Copy every line from the records that holds the word "text".

** Records shown follows **

lemma Cauchy_Schwarz: "cmod (ip x y) \<le> nm x * nm y"
proof (cases "y = 0")
  case False
  define Y where "Y = (nm y)^2"
  have Y: "Y > 0" using False by (simp add: Y_def)
  have "0 \<le> (nm (x - sm (ip x y / Y) y))^2" by simp
  also have "\<dots> = (nm x)^2 - (cmod (ip x y))^2 / Y"
    using Y unfolding nm_diff_sm_squared Y_def[symmetric]
    by (simp add: complex_norm_square[symmetric] norm_divide power_divide power2_eq_square
        field_simps)
  finally have "(cmod (ip x y))^2 \<le> (nm x * nm y)^2"
    using Y by (simp add: Y_def field_simps power_mult_distrib)
  then show ?thesis by (simp add: power2_le_iff_abs_le)
qed simp

lemma nm_triangle: "nm (x + y) \<le> nm x + nm y"
proof -
  have "Re (ip x y) \<le> nm x * nm y"
    using Cauchy_Schwarz[of x y] complex_Re_le_cmod order_trans by blast
  then have "(nm (x + y))^2 \<le> (nm x + nm y)^2"
    using ip_self[of "x + y"] ip_self[of x] ip_self[of y] ip_sym[of x y]
    by (simp add: power2_sum complex_eq_iff)
  then show ?thesis by (simp add: power2_le_iff_abs_le add_nonneg_nonneg)
qed

lemma nm_triangle_diff: "nm (x - z) \<le> nm (x - y) + nm (y - z)"
  using nm_triangle[of "x - y" "y - z"] by simp

lemma nm_reverse_triangle: "\<bar>nm x - nm y\<bar> \<le> nm (x - y)"
  using nm_triangle_diff[of x 0 y] nm_triangle_diff[of y 0 x] nm_minus_commute[of x y] by simp

lemma orthogonal_if_nearest:
  assumes "\<And>t. nm q \<le> nm (q - sm t s)"
  shows "ip q s = 0"
proof (rule complex_linear_le_quadratic_imp_zero)
  fix t
  have "(nm q)^2 \<le> (nm (q - sm t s))^2"
    using assms by (simp add: power_mono)
  then show "2 * Re (cnj t * ip q s) \<le> (cmod t)^2 * (nm s)^2"
    by (simp add: nm_diff_sm_squared)
qed

lemma parallelogram_law: "(nm (x + y))^2 + (nm (x - y))^2 = 2 * (nm x)^2 + 2 * (nm y)^2"
  by (simp add: nm_squared)

lemma hat_apply: "hat ip x p \<omega> = ip x \<omega>"
  by (simp add: hat_def)

lemma hat_eq_iff [simp]: "hat ip x = hat ip y \<longleftrightarrow> x = y"
  by (metis hat_def ip_eqI)

lemma hat_pair_mem_hatS_iff: "(hat ip x, hat ip y) \<in> hatS ip S \<longleftrightarrow> (x, y) \<in> S"
  unfolding hatS_def by auto

section \<open>Closures, subspaces and orthogonal projection\<close>

definition hclosure :: "'h set \<Rightarrow> 'h set" where
  "hclosure S = {v. \<forall>e>0. \<exists>s\<in>S. nm (v - s) < e}"

definition hsubspace :: "'h set \<Rightarrow> bool" where
  "hsubspace S \<longleftrightarrow> 0 \<in> S \<and> (\<forall>x\<in>S. \<forall>y\<in>S. x + y \<in> S) \<and> (\<forall>a. \<forall>x\<in>S. sm a x \<in> S)"

definition hperp :: "'h set \<Rightarrow> 'h set" where
  "hperp S = {w. \<forall>s\<in>S. ip s w = 0}"

lemma hclosureI: "(\<And>e. e > 0 \<Longrightarrow> \<exists>s\<in>S. nm (v - s) < e) \<Longrightarrow> v \<in> hclosure S"
  unfolding hclosure_def by blast

lemma hclosureD: "v \<in> hclosure S \<Longrightarrow> e > 0 \<Longrightarrow> \<exists>s\<in>S. nm (v - s) < e"
  unfolding hclosure_def by blast

lemma hclosure_subset: "S \<subseteq> hclosure S"
proof (intro subsetI hclosureI)
  fix v and e :: real
  assume "v \<in> S" "e > 0"
  then show "\<exists>s\<in>S. nm (v - s) < e" by (intro bexI[of _ v]) auto
qed

lemma hclosure_mono: "S \<subseteq> S' \<Longrightarrow> hclosure S \<subseteq> hclosure S'"
  unfolding hclosure_def by blast

lemma hclosure_hclosure [simp]: "hclosure (hclosure S) = hclosure S"
proof
  show "hclosure (hclosure S) \<subseteq> hclosure S"
  proof (intro subsetI hclosureI)
    fix v and e :: real
    assume "v \<in> hclosure (hclosure S)" "e > 0"
    then obtain u s where "u \<in> hclosure S" "nm (v - u) < e / 2" "s \<in> S" "nm (u - s) < e / 2"
      by (meson hclosureD half_gt_zero)
    then show "\<exists>s\<in>S. nm (v - s) < e"
      using nm_triangle_diff[of v s u] by force
  qed
qed (rule hclosure_subset)

lemma hclosure_minimal: "S \<subseteq> hclosure R \<Longrightarrow> hclosure S \<subseteq> hclosure R"
  using hclosure_mono[of S "hclosure R"] by simp

lemma limit_in_hclosure:
  assumes "\<And>n. X n \<in> S" and "(\<lambda>n. nm (X n - L)) \<longlonglongrightarrow> 0"
  shows "L \<in> hclosure S"
proof (rule hclosureI)
  fix e :: real assume "e > 0"
  then obtain N where "\<forall>n\<ge>N. norm (nm (X n - L) - 0) < e"
    using LIMSEQ_D[OF assms(2)] by blast
  then have "nm (L - X N) < e"
    by (simp add: nm_minus_commute)
  then show "\<exists>s\<in>S. nm (L - s) < e"
    using assms(1) by blast
qed

lemma hsubspace_0: "hsubspace S \<Longrightarrow> 0 \<in> S"
  and hsubspace_add: "hsubspace S \<Longrightarrow> x \<in> S \<Longrightarrow> y \<in> S \<Longrightarrow> x + y \<in> S"
  and hsubspace_sm: "hsubspace S \<Longrightarrow> x \<in> S \<Longrightarrow> sm a x \<in> S"
  by (simp_all add: hsubspace_def)

lemma hsubspace_minus: "hsubspace S \<Longrightarrow> x \<in> S \<Longrightarrow> - x \<in> S"
  using hsubspace_sm[of S x "- 1"] sm_minus_left[of 1 x] by simp

lemma hsubspace_diff: "hsubspace S \<Longrightarrow> x \<in> S \<Longrightarrow> y \<in> S \<Longrightarrow> x - y \<in> S"
  using hsubspace_add[of S x "- y"] hsubspace_minus by simp

lemma hsubspace_Int: "hsubspace S \<Longrightarrow> hsubspace S' \<Longrightarrow> hsubspace (S \<inter> S')"
  unfolding hsubspace_def by blast

lemma hsubspace_Inter:
  assumes "\<And>i. i \<in> I \<Longrightarrow> hsubspace (S i)"
  shows "hsubspace (\<Inter>i\<in>I. S i)"
  using assms unfolding hsubspace_def by blast

lemma hsubspace_image:
  assumes S: "hsubspace S"
    and add: "\<And>x y. f (x + y) = f x + f y" and hom: "\<And>a x. f (sm a x) = sm a (f x)"
  shows "hsubspace (f ` S)"
  unfolding hsubspace_def
proof (intro conjI ballI allI)
  have "f 0 = 0" using hom[of 0 0] by simp
  then show "0 \<in> f ` S" using hsubspace_0[OF S] by (metis image_eqI)
next
  fix x y assume "x \<in> f ` S" "y \<in> f ` S"
  then show "x + y \<in> f ` S" using add hsubspace_add[OF S] by (auto simp flip: add)
next
  fix a x assume "x \<in> f ` S"
  then show "sm a x \<in> f ` S" using hsubspace_sm[OF S] by (auto simp flip: hom)
qed

lemma hsubspace_hclosure:
  assumes S: "hsubspace S"
  shows "hsubspace (hclosure S)"
  unfolding hsubspace_def
proof (intro conjI ballI allI)
  show "0 \<in> hclosure S" using S hclosure_subset hsubspace_0 by blast
next
  fix x y assume x: "x \<in> hclosure S" and y: "y \<in> hclosure S"
  show "x + y \<in> hclosure S"
  proof (rule hclosureI)
    fix e :: real assume "e > 0"
    then obtain s t where "s \<in> S" "nm (x - s) < e / 2" "t \<in> S" "nm (y - t) < e / 2"
      using hclosureD[OF x] hclosureD[OF y] half_gt_zero by meson
    moreover have "nm (x + y - (s + t)) \<le> nm (x - s) + nm (y - t)"
      using nm_triangle[of "x - s" "y - t"] by (simp add: algebra_simps)
    ultimately have "s + t \<in> S" "nm (x + y - (s + t)) < e"
      using hsubspace_add[OF S] by auto
    then show "\<exists>r\<in>S. nm (x + y - r) < e" ..
  qed
next
  fix a x assume x: "x \<in> hclosure S"
  show "sm a x \<in> hclosure S"
  proof (rule hclosureI)
    fix e :: real assume "e > 0"
    have pos: "cmod a + 1 > 0"
      by (intro add_nonneg_pos) auto
    obtain s where "s \<in> S" "nm (x - s) < e / (cmod a + 1)"
      using hclosureD[OF x] \<open>e > 0\<close> pos by (meson divide_pos_pos)
    then have "(cmod a + 1) * nm (x - s) < e"
      using pos by (simp add: pos_less_divide_eq mult.commute)
    moreover have "cmod a * nm (x - s) \<le> (cmod a + 1) * nm (x - s)"
      by (simp add: mult_right_mono)
    ultimately have "nm (sm a x - sm a s) < e"
      using nm_sm[of a "x - s"] by simp
    then show "\<exists>r\<in>S. nm (sm a x - r) < e"
      using \<open>s \<in> S\<close> hsubspace_sm[OF S] by blast
  qed
qed
text \<open>
  If \<open>\<phi>\<^sub>i(z) = \<epsilon>\<^sub>i z^a\<^sub>i\<close> for the rows \<open>a\<^sub>i\<close> of a nonsingular matrix \<open>A\<close>, then \<open>C\<^sub>\<phi>\<close> sends
  \<open>z^\<alpha>\<close> to a unimodular multiple of \<open>z^(A\<^sup>T \<alpha>)\<close>; as \<open>\<alpha> \<mapsto> A\<^sup>T \<alpha>\<close> is injective, \<open>C\<^sub>\<phi>\<close> merely
  relabels and rotates coefficients.

  Conversely, let \<open>C\<^sub>\<phi>\<close> be isometric. The powers \<open>\<phi>^\<alpha> = C\<^sub>\<phi> z^\<alpha>\<close> have norm 1 and
  \<open>\<phi>^(\<alpha> + \<beta>)\<close> is the Cauchy product of \<open>\<phi>^\<alpha>\<close> and \<open>\<phi>^\<beta>\<close>; since the norm is multiplicative
  on them, no cancellation occurs and supports add. Testing the isometry on \<open>z^\<alpha> \<plusminus> z^\<beta>\<close>
  shows that \<open>\<phi>^\<alpha>\<close> and \<open>\<phi>^\<beta>\<close> have disjoint supports when \<open>\<alpha> \<noteq> \<beta>\<close>. So in any integer
  relation among support points of \<open>\<phi>\<^sub>1, \<dots>, \<phi>\<^sub>k\<close> the coefficients belonging to each \<open>\<phi>\<^sub>i\<close>
  sum to zero. Consequently one support point of each \<open>\<phi>\<^sub>i\<close> yields a nonsingular exponent
  matrix, and Cramer's rule then shows that each \<open>\<phi>\<^sub>i\<close> has a single support point.

  Coefficients in \<open>A\<^sup>+\<close> are recovered from values on the open polydisc by restricting to
  curves \<open>z\<^sub>j = t^w\<^sub>j\<close> whose weights separate finitely many multi-indices.
\<close>

section \<open>Summation\<close>

lemma has_sum_group_fibres:
  fixes h :: "'a \<Rightarrow> 'b::{comm_monoid_add,uniform_space,uniform_topological_group_add}"
  assumes "\<And>m. finite {\<alpha>. e \<alpha> = m}" and "(h has_sum s) UNIV"
  shows "((\<lambda>m. sum h {\<alpha>. e \<alpha> = m}) has_sum s) UNIV"
proof (rule has_sum_Sigma'[where B="\<lambda>m. {\<alpha>. e \<alpha> = m}" and f="\<lambda>(m,\<alpha>). h \<alpha>"])
  have "Sigma UNIV (\<lambda>m. {\<alpha>. e \<alpha> = m}) = (\<lambda>\<alpha>. (e \<alpha>, \<alpha>)) ` UNIV" by auto
  moreover have "inj (\<lambda>\<alpha>. (e \<alpha>, \<alpha>))" by (auto simp: inj_on_def)
  ultimately show "((\<lambda>(m,\<alpha>). h \<alpha>) has_sum s) (Sigma UNIV (\<lambda>m. {\<alpha>. e \<alpha> = m}))"
    using has_sum_reindex[of "\<lambda>\<alpha>. (e \<alpha>, \<alpha>)" UNIV "\<lambda>(m,\<alpha>). h \<alpha>" s] assms(2) by (simp add: o_def)
  show "((\<lambda>\<alpha>. (\<lambda>(m,\<alpha>). h \<alpha>) (m, \<alpha>)) has_sum sum h {\<alpha>. e \<alpha> = m}) {\<alpha>. e \<alpha> = m}" for m
    using assms(1) by (simp add: has_sum_finiteI)
qed
lemma lookup_fa_const_mult: "Poly_Mapping.lookup (fa_const a * x) k = a * Poly_Mapping.lookup x k"
  by (simp add: lookup_mult lookup_single plus_list_eq_append when_mult mult_when
      Sum_any_right_distrib flip: Sum_any_left_distrib)

lemma lookup_mult_fa_const: "Poly_Mapping.lookup (x * fa_const a) k = a * Poly_Mapping.lookup x k"
proof -
  have "(\<Sum>ab. (c when [] = ab) when k = aa @ ab) = (c when k = aa)" for c :: complex and aa
    by (subst when_commute) simp
  then show ?thesis
    by (simp add: lookup_mult lookup_single plus_list_eq_append when_mult mult_when
        Sum_any_right_distrib mult.commute)
qed

lemma fa_const_mult_commute: "fa_const a * x = x * fa_const a"
  by (rule poly_mapping_eqI) (simp add: lookup_fa_const_mult lookup_mult_fa_const)

lemma fa_const_1: "fa_const 1 = 1"
  using single_one[where 'a="gen list" and 'b=complex] by (simp add: zero_list_eq_Nil)

lemma fa_const_add: "fa_const (a + b) = fa_const a + fa_const b"
  by (simp add: single_add)

lemma fa_const_mult: "fa_const (a * b) = fa_const a * fa_const b"
  by (simp add: mult_single plus_list_eq_append)

lemma fa_const_uminus: "fa_const (- a) = - fa_const a"
  by (simp add: single_uminus)

lemma scal_eq_fa_const_mult: "scal c p = fa_const c * p"
  by (simp add: scal_def)

lemma poly_z_eq_sum_atMost:
  assumes "degree q \<le> N"
  shows "poly_z q = (\<Sum>i\<le>N. fa_const (coeff q i) * gZ ^ i)"
proof -
  have "(\<Sum>i\<le>N. fa_const (coeff q i) * gZ ^ i) = (\<Sum>i\<le>degree q. fa_const (coeff q i) * gZ ^ i)"
    by (rule sum.mono_neutral_right) (use assms in \<open>auto simp: coeff_eq_0\<close>)
  then show ?thesis
    by (simp add: poly_z_def scal_eq_fa_const_mult)
qed

lemma poly_z_0: "poly_z 0 = 0"
  by (simp add: poly_z_def scal_eq_fa_const_mult)

lemma poly_z_add: "poly_z (p + q) = poly_z p + poly_z q"
proof -
  let ?N = "max (degree p) (degree q)"
  have "degree (p + q) \<le> ?N"
    by (simp add: degree_add_le)
  then show ?thesis
    by (simp add: poly_z_eq_sum_atMost[of _ ?N] fa_const_add distrib_right sum.distrib)
qed

lemma poly_z_smult: "poly_z (smult a p) = fa_const a * poly_z p"
  by (simp add: poly_z_eq_sum_atMost[of _ "degree p"] fa_const_mult sum_distrib_left mult.assoc)

lemma poly_z_pCons: "poly_z (pCons a q) = fa_const a + gZ * poly_z q"
proof -
  have "poly_z (pCons a q) = (\<Sum>i\<le>Suc (degree q). fa_const (coeff (pCons a q) i) * gZ ^ i)"
    by (rule poly_z_eq_sum_atMost) (simp add: degree_pCons_le)
  also have "\<dots> = fa_const a + (\<Sum>i\<le>degree q. fa_const (coeff q i) * gZ ^ Suc i)"
    by (subst sum.atMost_Suc_shift) simp
  also have "(\<Sum>i\<le>degree q. fa_const (coeff q i) * gZ ^ Suc i) = gZ * poly_z q"
    unfolding poly_z_eq_sum_atMost[of q "degree q", OF order_refl] sum_distrib_left
    by (rule sum.cong) (simp_all, metis mult.assoc fa_const_mult_commute)
  finally show ?thesis .
qed

lemma poly_z_const: "poly_z [:a:] = fa_const a"
  by (simp add: poly_z_pCons poly_z_0)

lemma poly_z_mult: "poly_z (p * q) = poly_z p * poly_z q"
  by (induction p) (simp_all add: poly_z_0 poly_z_add poly_z_smult poly_z_pCons distrib_right mult.assoc)

lemma poly_z_X_minus_1: "poly_z [:-1, 1:] = gZ - 1"
  by (simp add: poly_z_pCons poly_z_0 fa_const_uminus fa_const_1)

lemma g_aut_gV: "g_aut t gV = fa_const t * gV"
  by (simp add: g_aut_def gV_def cnt_def mult_single plus_list_eq_append)

locale twisted_trace =
  fixes P :: "complex poly" and t :: complex and T :: "fa \<Rightarrow> complex"
  assumes twisted_trace: "T \<in> twisted_traces P t"
begin

lemma T_add: "T (a + b) = T a + T b"
  using twisted_trace by (simp add: twisted_traces_def AP_functional_def)

lemma T_fa_const_mult: "T (fa_const c * a) = c * T a"
  using twisted_trace by (simp add: twisted_traces_def AP_functional_def scal_eq_fa_const_mult)

lemma T_rels: "r \<in> rels P \<Longrightarrow> T (x * r * y) = 0"
  using twisted_trace by (simp add: twisted_traces_def AP_functional_def)

lemma T_twist: "T (a * b) = T (g_aut t b * a)"
  using twisted_trace by (simp add: twisted_traces_def)

lemma T_0: "T 0 = 0"
  using T_add[of 0 0] by simp

lemma T_sum: "T (sum f A) = (\<Sum>i\<in>A. T (f i))"
  by (induction A rule: infinite_finite_induct) (simp_all add: T_0 T_add)

lemma T_poly_z: "T (poly_z q) = (\<Sum>i\<le>degree q. coeff q i * T (gZ ^ i))"
  unfolding poly_z_def by (simp add: T_sum scal_eq_fa_const_mult T_fa_const_mult)

text \<open>Congruence modulo the largest two-sided ideal on which \<open>T\<close> vanishes.\<close>

definition T_cong :: "fa \<Rightarrow> fa \<Rightarrow> bool" where
  "T_cong a b \<longleftrightarrow> (\<forall>x y. T (x * a * y) = T (x * b * y))"

lemma T_cong_refl: "T_cong a a"
  by (simp add: T_cong_def)

lemma T_cong_sym: "T_cong a b \<Longrightarrow> T_cong b a"
  by (simp add: T_cong_def)

lemma T_cong_trans [trans]: "T_cong a b \<Longrightarrow> T_cong b c \<Longrightarrow> T_cong a c"
  by (simp add: T_cong_def)

lemma T_cong_mult_left: "T_cong a b \<Longrightarrow> T_cong (p * a) (p * b)"
  unfolding T_cong_def by (metis mult.assoc)

lemma T_cong_mult_right: "T_cong a b \<Longrightarrow> T_cong (a * q) (b * q)"
  unfolding T_cong_def by (metis mult.assoc)

lemma T_cong_add: "T_cong a b \<Longrightarrow> T_cong c d \<Longrightarrow> T_cong (a + c) (b + d)"
  unfolding T_cong_def by (simp add: distrib_left distrib_right T_add)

** End of Records shown **

(Task response)
text \<open>
text \<open>Congruence modulo the largest two-sided ideal on which \<open>T\<close> vanishes.\<close>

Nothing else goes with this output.